PALESTINA NO CABE EN SU NEUTRALIDAD
Por eso la frase de Bendodo no se sostiene. No estamos ante un partido que defienda la pureza del deporte frente a la política. Estamos ante un partido que quiere decidir qué símbolos pueden entrar en el deporte y cuáles deben quedarse fuera. La bandera española entra. El himno entra. La monarquía entra. La selección como idea de España entra. La batalla contra el independentismo entra. Palestina, no.

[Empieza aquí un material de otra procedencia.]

lemma bell_sampling_learns_marginals:
  fixes \<epsilon> \<delta> :: real
  assumes \<psi>: "pure_state n \<psi>" and \<epsilon>: "0 < \<epsilon>" and \<delta>: "0 < \<delta>" "\<delta> \<le> 1 / 2"
    and N: "80 * real n * ln (1 / \<delta>) / \<epsilon>\<^sup>2 \<le> real N"
  shows "1 - \<delta> \<le>
    (\<Sum>r\<in>{r\<in>to_nat ` bitstrs (n * (2 * N)). \<forall>k\<in>{1..n}. \<forall>y\<in>labels k.
                \<bar>marg_est n N r k y - pauli_marg n \<psi> k y\<bar> \<le> \<epsilon> / 2 ^ k}.
       outcome_prob (n * (2 * N)) (bell_povm n N) r (tensor_pow n (2 * N) \<psi>))"
proof (cases "n = 0")
  case True
  then have "{r\<in>to_nat ` bitstrs (n * (2 * N)). \<forall>k\<in>{1..n}. \<forall>y\<in>labels k.
               \<bar>marg_est n N r k y - pauli_marg n \<psi> k y\<bar> \<le> \<epsilon> / 2 ^ k} = to_nat ` bitstrs (n * (2 * N))"
    by auto
  then show ?thesis
    using \<delta> sum_outcome_prob_bell[OF order_refl, of n N \<psi>] sum_prod_bell_dist[OF \<psi>, of N]
    by simp
next
  case False
  then have "0 < 80 * real n * ln (1 / \<delta>) / \<epsilon>\<^sup>2"
    using \<epsilon> \<delta> by simp
  then have "0 < N" using N by linarith
  have "2 * real n * 4 ^ n * exp (- (real N * \<epsilon>\<^sup>2 / 16)) \<le> \<delta>"
    using sample_size_suffices[OF \<epsilon> \<delta> _ N] False by simp
  then show ?thesis
    using bell_sampling_success[OF \<psi> \<epsilon> \<open>0 < N\<close>] by linarith
qed

theorem lemma12:
  shows "\<exists>C>0. \<forall>(n::nat) (\<epsilon>::real) (\<delta>::real) (N::nat).
     0 < \<epsilon> \<longrightarrow> 0 < \<delta> \<longrightarrow> \<delta> \<le> 1/2 \<longrightarrow>
     real N \<ge> C * real n * ln (1 / \<delta>) / \<epsilon>^2 \<longrightarrow>
     (\<exists>(\<Omega>::nat set) E (est :: nat \<Rightarrow> nat \<Rightarrow> (bool \<times> bool) list \<Rightarrow> real).
        povm (n * (2 * N)) \<Omega> E \<and>
        (\<forall>\<psi>. pure_state n \<psi> \<longrightarrow>
           (\<Sum>r\<in>{r\<in>\<Omega>. \<forall>k\<in>{1..n}. \<forall>y\<in>labels k.
                      \<bar>est r k y - pauli_marg n \<psi> k y\<bar> \<le> \<epsilon> / 2^k}.
               outcome_prob (n * (2 * N)) E r (tensor_pow n (2 * N) \<psi>)) \<ge> 1 - \<delta>))"
proof (intro exI[of _ 80] conjI allI impI)
  fix n N :: nat and \<epsilon> \<delta> :: real
  assume "0 < \<epsilon>" "0 < \<delta>" "\<delta> \<le> 1/2" "real N \<ge> 80 * real n * ln (1 / \<delta>) / \<epsilon>^2"
  then show "\<exists>\<Omega> E est. povm (n * (2 * N)) \<Omega> E \<and>
        (\<forall>\<psi>. pure_state n \<psi> \<longrightarrow>
           (\<Sum>r\<in>{r\<in>\<Omega>. \<forall>k\<in>{1..n}. \<forall>y\<in>labels k.
                      \<bar>est r k y - pauli_marg n \<psi> k y\<bar> \<le> \<epsilon> / 2^k}.
               outcome_prob (n * (2 * N)) E r (tensor_pow n (2 * N) \<psi>)) \<ge> 1 - \<delta>)"
    using povm_bell bell_sampling_learns_marginals by blast
qed simp

end
(* Let $n\ge 4$. Each of the following representations $\varepsilon_j:UV_n(2)\to\mathrm{GL}_{n+1}(\mathbb{C})$, $1\le j\le 4$, is reducible: $\varepsilon_j(\rho_i)=\mathrm{diag}(I_{i-1},R^{(j)},I_{n-i-1})$, $\varepsilon_j(\sigma_{i,t})=\mathrm{diag}(I_{i-1},S_t^{(j)},I_{n-i-1})$ for $1\le i\le n-1$, $t\in\{1,2\}$, where (1) $R^{(1)}=\begin{pmatrix}1&0&0\\0&0&r_6\\0&\frac1{r_6}&0\end{pmatrix}$, $S_t^{(1)}=\begin{pmatrix}1&0&0\\0&s_{5,t}&s_{6,t}\\0&s_{8,t}&s_{9,t}\end{pmatrix}$, with $r_6\ne0$, $s_{5,t}s_{9,t}-s_{6,t}s_{8,t}\ne0$; (2) $R^{(2)}=\begin{pmatrix}0&r_2&0\\ \frac1{r_2}&0&0\\0&0&1\end{pmatrix}$, $S_t^{(2)}=\begin{pmatrix}s_{1,t}&s_{2,t}&0\\ s_{4,t}&s_{5,t}&0\\0&0&1\end{pmatrix}$, with $r_2\ne0$, $s_{1,t}s_{5,t}-s_{2,t}s_{4,t}\ne0$; (3) $R^{(3)}=\begin{pmatrix}1&0&0\\ \frac1{r_6}&-1&r_6\\0&0&1\end{pmatrix}$, $S_t^{(3)}=\begin{pmatrix}1&0&0\\ s_{4,t}&s_{5,t}&r_6(1-r_6s_{4,t}-s_{5,t})\\0&0&1\end{pmatrix}$, with $r_6\ne0$, $s_{5,t}\ne0$; (4) $R^{(4)}=\begin{pmatrix}1&r_2&0\\0&-1&0\\0&\frac1{r_2}&1\end{pmatrix}$, $S_t^{(4)}=\begin{pmatrix}1&r_2(1-s_{5,t}-r_2s_{8,t})&0\\0&s_{5,t}&0\\0&s_{8,t}&1\end{pmatrix}$, with $r_2\ne0$, $s_{5,t}\ne0$. All parameters are complex numbers.
   Context: $UV_n(c)$ is the group with generators $\rho_i$ ($1\le i\le n-1$), $\sigma_{i,t}$ ($1\le i\le n-1$, $1\le t\le c$) and relations $\rho_i\rho_{i+1}\rho_i=\rho_{i+1}\rho_i\rho_{i+1}$, $\rho_i\rho_j=\rho_j\rho_i$ ($|i-j|\ge2$), $\rho_i^2=1$, $\sigma_{i,t}\sigma_{j,\ell}=\sigma_{j,\ell}\sigma_{i,t}$ ($|i-j|\ge2$), $\sigma_{i,t}\rho_j=\rho_j\sigma_{i,t}$ ($|i-j|\ge2$), $\rho_i\rho_{i+1}\sigma_{i,t}=\sigma_{i+1,t}\rho_i\rho_{i+1}$ ($1\le i\le n-2$). The displayed assignments define representations of $UV_n(2)$. $\mathrm{diag}$ denotes a block diagonal matrix, $I_r$ the $r\times r$ identity. Reducible means there is a nonzero proper subspace of $\mathbb{C}^{n+1}$ invariant under all image matrices. *)

theory Defs
  imports "Jordan_Normal_Form.Matrix"
begin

Y ahí está el verdadero escándalo. No en el gesto de Lamine Yamal, sino en la reacción del PP. Un futbolista joven levanta una bandera palestina durante una celebración y Génova habla como si se hubiera profanado un templo. Pero cuando el deporte sirve para envolver España en rojo y amarillo, para atacar al independentismo, para disputar leyes o para agitar la unidad nacional, entonces ya no hay problema. Entonces el deporte educa, une, representa, emociona y vertebra.
La neutralidad que pide el PP no es neutralidad. Es obediencia simbólica. Es pedir silencio a quien señala el genocidio y aplauso a quien ondea la bandera correcta. Es decirle a Lamine Yamal que se limite a jugar, a correr, a marcar y a vender camisetas. Que no mire al mundo. Que no tenga memoria. Que no tenga empatía pública.
Pero el fútbol nunca ha estado fuera de la sociedad. Nunca. Lo saben los clubes, lo saben las aficiones y lo sabe perfectamente el PP. Por eso se enfadan tanto cuando alguien rompe el decorado. Lamine Yamal no mezcló el deporte con la política. Solo recordó algo mucho más incómodo: que el deporte ya estaba lleno de política, pero algunos solo se escandalizan cuando aparece Palestina.